On Wed, Aug 19, 2015 at 11:19 PM Monte Hurd <mhurd(a)wikimedia.org> wrote:
No manual descriptions, on basically any item. And
that will remain so for
the (near) future. Automatic descriptions can
change that, literally over
night, with a little programming and linguistic effort. ... This is a
"force multiplier" of volunteer effort with a factor of 250. And we ignore
that ... why, exactly?
Not ignoring. In fact, if the auto-generated descriptions near the quality
of human curated descriptions, I'm totally and wholeheartedly onboard that
their use should be strongly considered.
I just disagree that closing the quality gap will involve "little
programming and linguistic effort." I lean more toward "massive programming
and linguistic effort" end of the spectrum.
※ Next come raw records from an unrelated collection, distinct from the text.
(* Fix any quantile vector $\mathbf{q}=(q_1\ge\dots\ge q_N)$ with $q_i\in(0,1)$. Then $\mathrm{STR}(\mathbf{q},\pi)\ge\mathrm{OPT}(\mathbf{q},\pi)$ for every $\pi\in\Pi_{n,m,c}\setminus\mathcal{E}_2$.
   Context: Setting: distributions $F_B,F_S$ with quantile functions $b(q)=\inf\{x:\Pr_{b\sim F_B}[b\le x]\ge q\}$, $s(q)=\inf\{x:\Pr_{s\sim F_S}[s\le x]\ge q\}$, and $b(q)\ge s(q)$ for all $q\in(0,1)$ ($F_B$ first-order stochastically dominates $F_S$). Integers $m\ge n\ge 20$ and $c\ge1$; $N=m+n+2c$. $\Pi_{n,m,c}$ is the set of maps $\pi:[N]\to\{\mathrm{BO},\mathrm{BN},\mathrm{SO},\mathrm{SN}\}$ with $m$, $c$, $n$, $c$ preimages respectively of $\mathrm{BO},\mathrm{BN},\mathrm{SO},\mathrm{SN}$; write $B_{\mathrm{Old}}^\pi,B_{\mathrm{New}}^\pi,S_{\mathrm{Old}}^\pi,S_{\mathrm{New}}^\pi$ for these preimages. Index $i$ labeled as buyer gives a buyer with value $b(q_i)$, labeled as seller gives a seller with value $s(q_i)$; the original market consists of old buyers and old sellers, the augmented market of all agents. $\mathrm{OPT}(\mathbf{q},\pi)$ is the first-best gains from trade in the original market; $\mathrm{STR}(\mathbf{q},\pi)$ is the gains from trade of Seller Trade Reduction in the augmented market. (First best: with buyer values $b^{(1)}\ge\dots$, seller values $s^{(1)}\le\dots$, $r=\max\{i: b^{(i)}\ge s^{(i)}\}$ ($0$ if none), trade top $r$ buyers with bottom $r$ sellers, gains $\sum_{i\le r}(b^{(i)}-s^{(i)})$. STR: with $s^{(k)}=\infty$ beyond the number of sellers, if $b^{(r)}\ge s^{(r+1)}$ trade $r$ pairs, else only the top $r-1$ buyers with bottom $r-1$ sellers.) Let $p=\lceil n/10\rceil$, $I_1=\{1,\dots,p\}$, $I_2=\{p+1,\dots,2p\}$, $J_1=\{N-p+1,\dots,N\}$, $J_2=\{N-2p+1,\dots,N-p\}$. $\mathcal{E}_1$ is the set of $\pi$ with $|I_1\cap B_{\mathrm{New}}^\pi|\ge2$, $|I_2\cap B_{\mathrm{Old}}^\pi|\ge1$, $|J_1\cap S_{\mathrm{New}}^\pi|\ge2$, $|J_2\cap S_{\mathrm{Old}}^\pi|\ge1$. $\mathcal{E}_2=\{\pi\in\Pi_{n,m,c}:\pi\notin\mathcal{E}_1,\ S_{\mathrm{New}}^\pi\subseteq\{1,\dots,2n+2c\}\}$. *)

theory Defs
  imports "HOL-Probability.Probability"
begin

definition quantile :: "real measure \<Rightarrow> real \<Rightarrow> real" where
  "quantile M q = Inf {x. q \<le> measure M {..x}}"

datatype label = BO | BN | SO | SN

(* Pi_{n,m,c}: labelings of [N] = {1..N}, N = m+n+2c, with m, c, n, c preimages
   of BO, BN, SO, SN respectively (values outside [N] are irrelevant). *)
definition Nagents :: "nat \<Rightarrow> nat \<Rightarrow> nat \<Rightarrow> nat" where
  "Nagents n m c = m + n + 2 * c"

definition preim :: "nat \<Rightarrow> (nat \<Rightarrow> label) \<Rightarrow> label \<Rightarrow> nat set" where
  "preim N \<pi> l = {i \<in> {1..N}. \<pi> i = l}"

definition PiSet :: "nat \<Rightarrow> nat \<Rightarrow> nat \<Rightarrow> (nat \<Rightarrow> label) set" where
  "PiSet n m c = {\<pi>. card (preim (Nagents n m c) \<pi> BO) = m
                    \<and> card (preim (Nagents n m c) \<pi> BN) = c
                    \<and> card (preim (Nagents n m c) \<pi> SO) = n
                    \<and> card (preim (Nagents n m c) \<pi> SN) = c}"

definition pp :: "nat \<Rightarrow> nat" where
  "pp n = nat \<lceil>real n / 10\<rceil>"

definition E1 :: "nat \<Rightarrow> nat \<Rightarrow> nat \<Rightarrow> (nat \<Rightarrow> label) set" where
  "E1 n m c = {\<pi> \<in> PiSet n m c.
     (let N = Nagents n m c; p = pp n in
        card ({1..p} \<inter> preim N \<pi> BN) \<ge> 2
      \<and> card ({p+1..2*p} \<inter> preim N \<pi> BO) \<ge> 1
      \<and> card ({N-p+1..N} \<inter> preim N \<pi> SN) \<ge> 2
      \<and> card ({N-2*p+1..N-p} \<inter> preim N \<pi> SO) \<ge> 1)}"

definition E2 :: "nat \<Rightarrow> nat \<Rightarrow> nat \<Rightarrow> (nat \<Rightarrow> label) set" where
  "E2 n m c = {\<pi> \<in> PiSet n m c. \<pi> \<notin> E1 n m c
     \<and> preim (Nagents n m c) \<pi> SN \<subseteq> {1..2*n+2*c}}"

(* Generic market on value lists.  Buyers sorted decreasingly b^(1) >= b^(2) >= ...,
   sellers sorted increasingly s^(1) <= s^(2) <= ...; list positions are 0-based,
   so b^(i) = bsort!(i-1). *)
definition buyers_sorted :: "real list \<Rightarrow> real list" where
  "buyers_sorted bs = rev (sort bs)"

definition sellers_sorted :: "real list \<Rightarrow> real list" where
  "sellers_sorted ss = sort ss"

(* r = max { i : b^(i) >= s^(i) } (0 if none); s^(i) = infinity beyond the number of sellers
   (and b^(i) is undefined beyond the number of buyers) *)
definition eff_r :: "real list \<Rightarrow> real list \<Rightarrow> nat" where
  "eff_r bs ss = Max ({0} \<union> {i. 1 \<le> i \<and> i \<le> length bs \<and> i \<le> length ss
       \<and> buyers_sorted bs ! (i-1) \<ge> sellers_sorted ss ! (i-1)})"

definition gft :: "real list \<Rightarrow> real list \<Rightarrow> nat \<Rightarrow> real" where
  "gft bs ss k = (\<Sum>i<k. buyers_sorted bs ! i - sellers_sorted ss ! i)"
Specifically, I think it will take massive effort to make the
auto-generated descriptions so good that an average person would say, "hey
these auto generated descriptions are better than the human curated
descriptions" in the examples I posted.
You are confusing (in the literal meaning of the word, fusing together)
several
issues into one here, which you then call "better". I see at least
five distinct types of "better":
1. A description exists, vs. it does not. In that aspect, automatic
descriptions will always be "better" than manual ones.
2. One description is more complete than the other. From what I see in
random examples, this is already the case for many biographical items that
have a lot of statements. I have actually considered cutting them back a
little, because even these "short" descriptions can get quite extensive.
3. Context-aware, specifically, the context where the description is shown.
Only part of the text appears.